Edward Lee, a corporate partner at Kirkland & Ellis, said CEOs and boards now had the “confidence and visibility” to chase “big strategic moves that they postponed for two years because of interest-rate uncertainty, inflation and the election”.
The greater visibility would allow deals that were previously hitting regulatory roadblocks to finally get done, Lee added.
The second half of the year deal blitz comes after Trump pulled back from a full-blown trade war with China and choked back some of his most aggressive tariffs, all while doubling down on M&A-friendly measures, including relaxing antitrust rules.

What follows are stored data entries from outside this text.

lemma vector_space_left: "vector_space sV"
  and vector_space_right: "vector_space sW"
  using is_tensor_product by (auto simp: is_tensor_product_def)

lemma vector_space_tensor: "vector_space sT"
  using linear_quotient by (simp add: Vector_Spaces.linear_iff)

lemma bilinear_tensor: "bilinear_map sV sW sT (\<lambda>v w. q (delta (v, w)))"
proof -
  have rel: "q a = q b" if "a - b \<in> tensor_rels sV sW" for a b
    using that quotient_eq_0_iff free.span_base linear_quotient
    by (metis linear_iff_module_hom module_hom.diff right_minus_eq)
  have add: "q (a + b) = q a + q b" and scale: "q (fscale c a) = sT c (q a)" for a b c
    using linear_quotient by (simp_all add: Vector_Spaces.linear_iff)
  have "q (delta (v + v', w)) = q (delta (v, w) + delta (v', w))"
    and "q (delta (v, w + w')) = q (delta (v, w) + delta (v, w'))"
    and "q (delta (sV c v, w)) = q (fscale c (delta (v, w)))"
    and "q (delta (v, sW c w)) = q (fscale c (delta (v, w)))" for v v' w w' c
    by (rule rel; force simp: tensor_rels_def diff_diff_eq)+
  then show ?thesis
    by (simp add: bilinear_map_def add scale)
qed

lemma linear_eq_on_tensors:
  assumes F: "Vector_Spaces.linear sT sU F" and F': "Vector_Spaces.linear sT sU F'"
    and eq: "\<And>v w. F (q (delta (v, w))) = F' (q (delta (v, w)))"
  shows "F = F'"
proof
  fix t
  obtain p where t: "t = q p"
    using surj_quotient by (metis surjD)
  have FF': "Vector_Spaces.linear fscale sU (F \<circ> q)" "Vector_Spaces.linear fscale sU (F' \<circ> q)"
    using linear_quotient F F' by (auto intro: Vector_Spaces.linear_compose)
  have "vector_space_pair fscale sU"
    using F by (simp add: vector_space_pair_def Vector_Spaces.linear_iff free.vector_space_axioms)
  then have "(F \<circ> q) p = (F' \<circ> q) p"
    by (rule vector_space_pair.linear_eq_on[OF _ FF' span_range_delta])
      (metis comp_apply eq rangeE surj_pair)
  then show "F t = F' t"
    by (simp add: t)
qed

lemma ex_linear_lift:
  assumes U: "vector_space sU" and \<beta>: "bilinear_map sV sW sU \<beta>"
  shows "\<exists>F. Vector_Spaces.linear sT sU F \<and> (\<forall>v w. F (q (delta (v, w))) = \<beta> v w)"
proof -
  define G where "G = free_lift sU (case_prod \<beta>)"
  have G: "Vector_Spaces.linear fscale sU G"
    unfolding G_def using U by (rule linear_free_lift)
  then interpret G: module_hom fscale sU G
    by (simp add: linear_iff_module_hom)
  have G_delta: "G (delta (v, w)) = \<beta> v w" for v w
    unfolding G_def using U by simp
  have "G p = 0" if "p \<in> tensor_rels sV sW" for p
    using that \<beta> unfolding tensor_rels_def bilinear_map_def
    by (elim UnE CollectE exE conjE) (simp_all add: G.diff G.scale G_delta)
  then have "G p = 0" if "q p = 0" for p
    using that quotient_eq_0_iff by (blast intro: G.eq_0_on_span)
  then obtain F where F: "Vector_Spaces.linear sT sU F" and GF: "G = F \<circ> q"
    using linear_factor_through_surj[OF linear_quotient surj_quotient G] by blast
  have "F (q (delta (v, w))) = \<beta> v w" for v w
    using G_delta by (simp add: GF)
  with F show ?thesis
    by blast
qed

lemma
  assumes "vector_space sU" and "bilinear_map sV sW sU \<beta>"
  shows linear_tensor_lift: "Vector_Spaces.linear sT sU (tensor_lift sT sU q \<beta>)"
    and tensor_lift_tensor: "tensor_lift sT sU q \<beta> (q (delta (v, w))) = \<beta> v w"
proof -
  have "\<exists>!F. Vector_Spaces.linear sT sU F \<and> (\<forall>v w. F (q (delta (v, w))) = \<beta> v w)"
    using ex_linear_lift[OF assms] by (rule ex_ex1I) (auto intro: linear_eq_on_tensors)
  then have "Vector_Spaces.linear sT sU (tensor_lift sT sU q \<beta>) \<and>
      (\<forall>v w. tensor_lift sT sU q \<beta> (q (delta (v, w))) = \<beta> v w)"
    unfolding tensor_lift_def by (rule theI')
  then show "Vector_Spaces.linear sT sU (tensor_lift sT sU q \<beta>)"
    and "tensor_lift sT sU q \<beta> (q (delta (v, w))) = \<beta> v w"
    by blast+
qed

end

lemma
  assumes T: "tensor_product sV sW sT q" and T': "tensor_product sV' sW' sT' q'"
    and f: "Vector_Spaces.linear sV sV' f" and g: "Vector_Spaces.linear sW sW' g"
  shows linear_tensor_map: "Vector_Spaces.linear sT sT' (tensor_map sT sT' q q' f g)"
    and tensor_map_tensor: "tensor_map sT sT' q q' f g (q (delta (v, w))) = q' (delta (f v, g w))"
proof -
  have "bilinear_map sV sW sT' (\<lambda>v w. q' (delta (f v, g w)))"
    using tensor_product.bilinear_tensor[OF T'] f g by (rule bilinear_map_compose_linear)
  then show "Vector_Spaces.linear sT sT' (tensor_map sT sT' q q' f g)"
    and "tensor_map sT sT' q q' f g (q (delta (v, w))) = q' (delta (f v, g w))"
    unfolding tensor_map_def
    using tensor_product.linear_tensor_lift[OF T tensor_product.vector_space_tensor[OF T']]
      tensor_product.tensor_lift_tensor[OF T tensor_product.vector_space_tensor[OF T']]
    by blast+
qed

lemma tensor_map_id:
  assumes T: "tensor_product sV sW sT q"
  shows "tensor_map sT sT q q id id = id"
proof (rule tensor_product.linear_eq_on_tensors[OF T])
  show "Vector_Spaces.linear sT sT (tensor_map sT sT q q id id)"
    using T T vector_space.linear_id[OF tensor_product.vector_space_left[OF T]]
      vector_space.linear_id[OF tensor_product.vector_space_right[OF T]]
    by (rule linear_tensor_map)
  show "Vector_Spaces.linear sT sT id"
    using tensor_product.vector_space_tensor[OF T] by (rule vector_space.linear_id)
qed (simp add: tensor_map_tensor[OF T T] tensor_product.vector_space_left[OF T]
      tensor_product.vector_space_right[OF T] vector_space.linear_id)

lemma tensor_map_compose:
  assumes T: "tensor_product sV sW sT q" and T': "tensor_product sV' sW' sT' q'"
    and T'': "tensor_product sV'' sW'' sT'' q''"
    and f: "Vector_Spaces.linear sV sV' f" and g: "Vector_Spaces.linear sW sW' g"
    and f': "Vector_Spaces.linear sV' sV'' f'" and g': "Vector_Spaces.linear sW' sW'' g'"
  shows "tensor_map sT' sT'' q' q'' f' g' \<circ> tensor_map sT sT' q q' f g
    = tensor_map sT sT'' q q'' (f' \<circ> f) (g' \<circ> g)"
proof (rule tensor_product.linear_eq_on_tensors[OF T])
  show "Vector_Spaces.linear sT sT'' (tensor_map sT' sT'' q' q'' f' g' \<circ> tensor_map sT sT' q q' f g)"
    using linear_tensor_map[OF T T' f g] linear_tensor_map[OF T' T'' f' g']
    by (rule Vector_Spaces.linear_compose)
  show "Vector_Spaces.linear sT sT'' (tensor_map sT sT'' q q'' (f' \<circ> f) (g' \<circ> g))"
    using T T'' Vector_Spaces.linear_compose[OF f f'] Vector_Spaces.linear_compose[OF g g']
    by (rule linear_tensor_map)
qed (simp add: tensor_map_tensor[OF T T' f g] tensor_map_tensor[OF T' T'' f' g']
      tensor_map_tensor[OF T T'' Vector_Spaces.linear_compose[OF f f']
        Vector_Spaces.linear_compose[OF g g']])

lemma inj_tensor_map:
  assumes T: "tensor_product sV sW sT q" and T': "tensor_product sV' sW' sT' q'"
    and f: "Vector_Spaces.linear sV sV' f" "inj f" and g: "Vector_Spaces.linear sW sW' g" "inj g"
  shows "inj (tensor_map sT sT' q q' f g)"
proof -
  have "vector_space_pair sV sV'" "vector_space_pair sW sW'"
    using f(1) g(1) by (simp_all add: vector_space_pair_def Vector_Spaces.linear_iff)
  then obtain f' g' where f': "Vector_Spaces.linear sV' sV f'" "f' \<circ> f = id"
    and g': "Vector_Spaces.linear sW' sW g'" "g' \<circ> g = id"
    using f g by (metis vector_space_pair.linear_injective_left_inverse)
  have "tensor_map sT' sT q' q f' g' \<circ> tensor_map sT sT' q q' f g = id"
    using tensor_map_compose[OF T T' T f(1) g(1) f'(1) g'(1)] f'(2) g'(2) tensor_map_id[OF T]
    by simp
  then show ?thesis
    by (metis inj_on_id inj_on_imageI2)
qed

lemma pcd_morphism_inj_projection:
  assumes m: "pcd_morphism sH sY sYH qYH sYb \<pi>Y \<rho>Y sX sXH qXH sXb \<pi>X \<rho>X f fb"
    and "inj f" "inj \<pi>X"
  shows "inj \<pi>Y"
proof -
  from m have Y: "tensor_product sY sH sYH qYH" and X: "tensor_product sX sH sXH qXH"
    and f: "Vector_Spaces.linear sY sX f"
    and \<pi>: "fb \<circ> \<pi>Y = \<pi>X \<circ> tensor_map sYH sXH qYH qXH f id"
    by (auto simp: pcd_morphism_def partial_comodule_datum_def tensor_product_def)
  have "Vector_Spaces.linear sH sH id"
    using tensor_product.vector_space_right[OF X] by (rule vector_space.linear_id)
  then have "inj (tensor_map sYH sXH qYH qXH f id)"
    using inj_tensor_map[OF Y X f \<open>inj f\<close>] by simp
  with \<open>inj \<pi>X\<close> have "inj (fb \<circ> \<pi>Y)"
    by (simp add: \<pi> inj_compose)
  then show ?thesis
    by (rule inj_on_imageI2)
qed
lemma hahn_banach_family:
  fixes \<phi> :: "'i \<Rightarrow> 'a::real_normed_vector \<Rightarrow> real"
  assumes Y: "subspace Y"
    and add: "\<And>i x y. x \<in> Y \<Longrightarrow> y \<in> Y \<Longrightarrow> \<phi> i (x + y) = \<phi> i x + \<phi> i y"
    and scale: "\<And>i r x. x \<in> Y \<Longrightarrow> \<phi> i (r *\<^sub>R x) = r * \<phi> i x"
    and bound: "\<And>i x. x \<in> Y \<Longrightarrow> \<bar>\<phi> i x\<bar> \<le> C * norm x"
  shows "\<exists>F :: 'i \<Rightarrow> 'a \<Rightarrow>\<^sub>L real.
    bounded (range F) \<and> (\<forall>i. \<forall>x\<in>Y. blinfun_apply (F i) x = \<phi> i x)"
proof -
  have "\<exists>F :: 'a \<Rightarrow>\<^sub>L real. norm F \<le> max C 0 \<and> (\<forall>x\<in>Y. blinfun_apply F x = \<phi> i x)" for i
  proof (rule hahn_banach_extension[OF _ Y add scale])
    show "\<phi> i x \<le> max C 0 * norm x" if "x \<in> Y" for x
      using abs_le_D1[OF bound[OF that, of i]] mult_right_mono[OF max.cobounded1[of C 0] norm_ge_zero[of x]]
      by linarith
  qed simp
  then obtain F where "\<And>i. norm (F i) \<le> max C 0"
    and "\<And>i x. x \<in> Y \<Longrightarrow> blinfun_apply (F i) x = \<phi> i x"
    by metis
  then show ?thesis by (intro exI[of _ F]) (auto simp: bounded_iff)
qed

section \<open>Coordinates of a wide-(s) sequence\<close>

lemma subspace_closure:
  fixes S :: "'a::real_normed_vector set"
  assumes "subspace S"
  shows "subspace (closure S)"
proof -
  have "S + S \<subseteq> S" using assms by (auto simp: set_plus_def subspace_add)
  then have "closure S + closure S \<subseteq> closure S"
    using closure_sum[of S S] closure_mono by blast
  moreover have "(*\<^sub>R) c ` closure S \<subseteq> closure S" for c
    using closure_mono[of "(*\<^sub>R) c ` S" S] assms
    by (auto simp: closure_scaleR subspace_scale image_subset_iff)
  ultimately show ?thesis
    using assms closure_subset subspace_0 unfolding subspace_def by (blast intro: set_plus_intro)
qed

locale wide_s_sequence =
  fixes b :: "nat \<Rightarrow> 'a::banach"
  assumes wide_s: "wide_s b"
begin

definition closed_span :: "'a set" where
  "closed_span = closure (span (range b))"

definition coord :: "'a \<Rightarrow> nat \<Rightarrow> real" where
  "coord y = (THE c. (\<lambda>j. c j *\<^sub>R b j) sums y)"

definition coef_norm_le :: "(nat \<Rightarrow> real) \<Rightarrow> real \<Rightarrow> bool" where
  "coef_norm_le c M \<longleftrightarrow> (\<forall>n. norm (\<Sum>j<n. c j *\<^sub>R b j) + \<bar>\<Sum>j<n. c j\<bar> \<le> M)"

definition expansion_ball :: "real \<Rightarrow> 'a set" where
  "expansion_ball M = {\<Sum>j. c j *\<^sub>R b j | c. summable (\<lambda>j. c j *\<^sub>R b j) \<and> coef_norm_le c M}"

lemma b_nonzero: "b j \<noteq> 0"
proof -
  have "0 < (INF j. norm (b j))"
    using wide_s unfolding wide_s_def semi_normalized_def by blast
  also have "\<dots> \<le> norm (b j)" by (rule cINF_lower) (auto intro: bdd_belowI[of _ 0])
  finally show ?thesis by simp
qed

lemma subspace_closed_span: "subspace closed_span"
  unfolding closed_span_def by (intro subspace_closure subspace_span)

lemma b_in_closed_span: "b j \<in> closed_span"
  unfolding closed_span_def by (intro closure_subset[THEN subsetD] span_base rangeI)

lemma sums_in_closed_span: "(\<lambda>j. c j *\<^sub>R b j) sums y \<Longrightarrow> y \<in> closed_span"
  unfolding closed_span_def sums_def closure_sequential
  by (intro exI[of _ "\<lambda>n. \<Sum>j<n. c j *\<^sub>R b j"] conjI allI
      span_sum span_scale span_base rangeI)

lemma unique_expansion: "y \<in> closed_span \<Longrightarrow> \<exists>!c. (\<lambda>j. c j *\<^sub>R b j) sums y"
  using wide_s unfolding wide_s_def basic_sequence_def closed_span_def by (elim conjE bspec)

lemma coord_sums: "y \<in> closed_span \<Longrightarrow> (\<lambda>j. coord y j *\<^sub>R b j) sums y"
  unfolding coord_def by (rule theI'[OF unique_expansion])

lemma coord_eqI: "(\<lambda>j. c j *\<^sub>R b j) sums y \<Longrightarrow> coord y = c"
  unfolding coord_def by (rule the1_equality[OF unique_expansion[OF sums_in_closed_span]])

lemma summable_coord: "y \<in> closed_span \<Longrightarrow> summable (coord y)"
  using wide_s coord_sums unfolding wide_s_def by (blast dest: sums_summable)

lemma coord_add:
  "x \<in> closed_span \<Longrightarrow> y \<in> closed_span \<Longrightarrow> coord (x + y) = (\<lambda>j. coord x j + coord y j)"
  by (rule coord_eqI) (use sums_add[OF coord_sums coord_sums] in \<open>simp add: scaleR_add_left\<close>)

lemma coord_scale: "y \<in> closed_span \<Longrightarrow> coord (r *\<^sub>R y) = (\<lambda>j. r * coord y j)"
  by (rule coord_eqI) (use sums_scaleR_right[OF coord_sums, of y r] in simp)

lemma coord_b: "coord (b i) = (\<lambda>j. if j = i then 1 else 0)"
proof (rule coord_eqI)
  have "(\<lambda>j. (if j = i then 1 else 0) *\<^sub>R b j) = (\<lambda>j. if j = i then b j else 0)" by auto
  then show "(\<lambda>j. (if j = i then 1 else 0) *\<^sub>R b j) sums b i" using sums_single[of i b] by simp
qed

lemma coef_norm_le_partial_sum: "coef_norm_le c M \<Longrightarrow> norm (\<Sum>j<n. c j *\<^sub>R b j) \<le> M"
  unfolding coef_norm_le_def by (smt (verit) abs_ge_zero)

lemma coef_norm_le_coef_sum: "coef_norm_le c M \<Longrightarrow> \<bar>\<Sum>j<n. c j\<bar> \<le> M"
  unfolding coef_norm_le_def by (smt (verit) norm_ge_zero)

lemma coef_norm_le_mono: "coef_norm_le c M \<Longrightarrow> M \<le> M' \<Longrightarrow> coef_norm_le c M'"
  unfolding coef_norm_le_def by (meson order_trans)

lemma coef_norm_le_zero: "coef_norm_le (\<lambda>_. 0) 0"
  unfolding coef_norm_le_def by simp

lemma coef_norm_le_diff: "coef_norm_le c M \<Longrightarrow> coef_norm_le d M' \<Longrightarrow> coef_norm_le (\<lambda>j. c j - d j) (M + M')"
  unfolding coef_norm_le_def scaleR_diff_left sum_subtractf
  by (smt (verit) abs_triangle_ineq4 norm_triangle_ineq4)

lemma coef_norm_le_scale: "coef_norm_le c M \<Longrightarrow> coef_norm_le (\<lambda>j. r * c j) (\<bar>r\<bar> * M)"
  unfolding coef_norm_le_def
proof
  fix n assume "\<forall>n. norm (\<Sum>j<n. c j *\<^sub>R b j) + \<bar>\<Sum>j<n. c j\<bar> \<le> M"
  then have "\<bar>r\<bar> * (norm (\<Sum>j<n. c j *\<^sub>R b j) + \<bar>\<Sum>j<n. c j\<bar>) \<le> \<bar>r\<bar> * M"
    by (simp add: mult_left_mono)
  moreover have "(\<Sum>j<n. (r * c j) *\<^sub>R b j) = r *\<^sub>R (\<Sum>j<n. c j *\<^sub>R b j)"
    by (simp add: scaleR_sum_right)
  ultimately show "norm (\<Sum>j<n. (r * c j) *\<^sub>R b j) + \<bar>\<Sum>j<n. r * c j\<bar> \<le> \<bar>r\<bar> * M"
    by (simp add: abs_mult distrib_left flip: sum_distrib_left)
qed

lemma coef_norm_le_coef: "coef_norm_le c M \<Longrightarrow> \<bar>c j\<bar> * norm (b j) \<le> 2 * M"
  using norm_triangle_ineq4[of "\<Sum>j<Suc j. c j *\<^sub>R b j" "\<Sum>j<j. c j *\<^sub>R b j"]
    coef_norm_le_partial_sum[of c M "Suc j"] coef_norm_le_partial_sum[of c M j]
  by simp

lemma coef_norm_le_exists: "summable (\<lambda>j. c j *\<^sub>R b j) \<Longrightarrow> \<exists>M. coef_norm_le c M"
proof -
  assume "summable (\<lambda>j. c j *\<^sub>R b j)"
  then have "Bseq (\<lambda>n. \<Sum>j<n. c j *\<^sub>R b j)" "Bseq (\<lambda>n. \<Sum>j<n. c j)"
    using wide_s unfolding wide_s_def summable_iff_convergent by (auto intro: convergent_imp_Bseq)
  then obtain M1 M2 where "\<And>n. norm (\<Sum>j<n. c j *\<^sub>R b j) \<le> M1" "\<And>n. \<bar>\<Sum>j<n. c j\<bar> \<le> M2"
    unfolding Bseq_def by (metis real_norm_def less_imp_le)
  then have "coef_norm_le c (M1 + M2)" unfolding coef_norm_le_def by (simp add: add_mono)
  then show ?thesis by blast
qed

lemma norm_suminf_le_coef_norm:
  "summable (\<lambda>j. c j *\<^sub>R b j) \<Longrightarrow> coef_norm_le c M \<Longrightarrow> norm (\<Sum>j. c j *\<^sub>R b j) \<le> M"
  by (rule Lim_norm_ubound[OF _ summable_LIMSEQ])
    (auto intro!: always_eventually coef_norm_le_partial_sum)

lemma expansion_ball_diff:
  assumes "x \<in> expansion_ball M" "y \<in> expansion_ball M'"
  shows "x - y \<in> expansion_ball (M + M')"
proof -
  obtain c d where c: "summable (\<lambda>j. c j *\<^sub>R b j)" "coef_norm_le c M" "x = (\<Sum>j. c j *\<^sub>R b j)"
    and d: "summable (\<lambda>j. d j *\<^sub>R b j)" "coef_norm_le d M'" "y = (\<Sum>j. d j *\<^sub>R b j)"
    using assms unfolding expansion_ball_def by blast
  have "(\<lambda>j. (c j - d j) *\<^sub>R b j) sums (x - y)"
    using sums_diff[OF c(1)[THEN summable_sums] d(1)[THEN summable_sums]] c(3) d(3)
    by (simp add: scaleR_diff_left)
  then show ?thesis
    unfolding expansion_ball_def using coef_norm_le_diff[OF c(2) d(2)]
    by (auto simp: sums_iff intro!: exI[of _ "\<lambda>j. c j - d j"])
qed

“There’s a feeling right now in the current regulatory environment that there’s a chance to do larger-scale transactions that you may not have the opportunity to do again,” said Krishna Veeraraghavan, co-head of Paul Weiss’s M&A group.
The animal spirits have spread across sectors. Bank M&A surged as deals were approved at the fastest pace in more than three decades, while Big Pharma roared back, acquiring biotech assets to restock their drug pipelines. A boom in artificial intelligence spurred a wave of tech and data centre transactions.
“We’re seeing increased activity not just in tech, driven by a tsunami of money going into AI infrastructure, but also in healthcare, industrials, financial and other sectors,” said Drago Rajkovic, global co-head of M&A at Citigroup.
“Why are there so many large deals? There has been a lot of pent-up demand, a favourable regulatory environment and healthy balance sheets,” he added.
But M&A has been stronger among larger companies than smaller ones, a sign that deal activity remains uneven.
“Small deals are often harder to get done as they’re less interesting to buyers because they don’t move the needle. Fundamentally, smaller deals have lower returns, so there’s a trend towards our clients focusing on large transactions,” said Andrew Woeber, global head of M&A at Barclays.